YOUR INSTRUCTIONS> Return every line in the entries below where the word "blast" shows up.

Dataset excerpts>

lemma zp_seqs_le:
  assumes "f \<in> zp_seqs p" "m \<le> n" shows "f m = f n mod p ^ m"
  using assms(2)
proof (induction n rule: dec_induct)
  case base
  then show ?case by (rule zp_seqs_mod[OF assms(1)])
next
  case (step n)
  have "p ^ m dvd p ^ n" using step(1) by (rule le_imp_power_dvd)
  then have "f (Suc n) mod p ^ n mod p ^ m = f (Suc n) mod p ^ m"
    by (rule mod_mod_cancel)
  moreover have "f n = f (Suc n) mod p ^ n"
    using assms(1) unfolding zp_seqs_def by blast
  ultimately show ?case using step(3) by simp
qed

lemma zp_nonzero_exact:
  fixes x :: "'a::prime_card zp"
  assumes "x \<noteq> 0"
  shows "\<exists>k. \<forall>n>k. int CARD('a) ^ k dvd Rep_zp x n \<and> \<not> int CARD('a) ^ Suc k dvd Rep_zp x n"
proof -
  define p where "p = int CARD('a)"
  have p1: "p > 1" unfolding p_def by (rule prime_card_gt1)
  define f where "f = Rep_zp x"
  have fS: "f \<in> zp_seqs p" unfolding f_def p_def by (rule Rep_zp)
  have "f \<noteq> (\<lambda>_. 0)"
  proof
    assume "f = (\<lambda>_. 0)"
    then have "Rep_zp x = Rep_zp 0" by (simp add: f_def zero_zp.rep_eq)
    then show False using assms Rep_zp_inject by blast
  qed
  then have ex: "\<exists>a. f a \<noteq> 0" by auto
  define a where "a = (LEAST a. f a \<noteq> 0)"
  have fa: "f a \<noteq> 0" unfolding a_def using ex by (rule LeastI_ex)
  have f0: "f 0 = 0" using zp_seqs_mod[OF fS, of 0] by simp
  have a0: "a \<noteq> 0"
  proof
    assume "a = 0" then show False using fa f0 by simp
  qed
  then obtain k where ak: "a = Suc k" by (cases a) auto
  have fk: "f k = 0" using not_less_Least[of k "\<lambda>a. f a \<noteq> 0"] ak a_def by auto
  show ?thesis
  proof (intro exI allI impI conjI)
    fix n assume "k < n"
    then have kn: "k \<le> n" "Suc k \<le> n" by auto
    have "f n mod p ^ k = 0" using zp_seqs_le[OF fS kn(1)] fk by simp
    then show "int CARD('a) ^ k dvd Rep_zp x n" by (simp add: f_def p_def dvd_eq_mod_eq_0)
    have "f n mod p ^ Suc k \<noteq> 0" using zp_seqs_le[OF fS kn(2)] fa ak by simp
    then show "\<not> int CARD('a) ^ Suc k dvd Rep_zp x n" by (simp add: f_def p_def dvd_eq_mod_eq_0)
  qed
qed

YOUR SOLUTION>
    using assms(1) unfolding zp_seqs_def by blast
    then show False using assms Rep_zp_inject by blast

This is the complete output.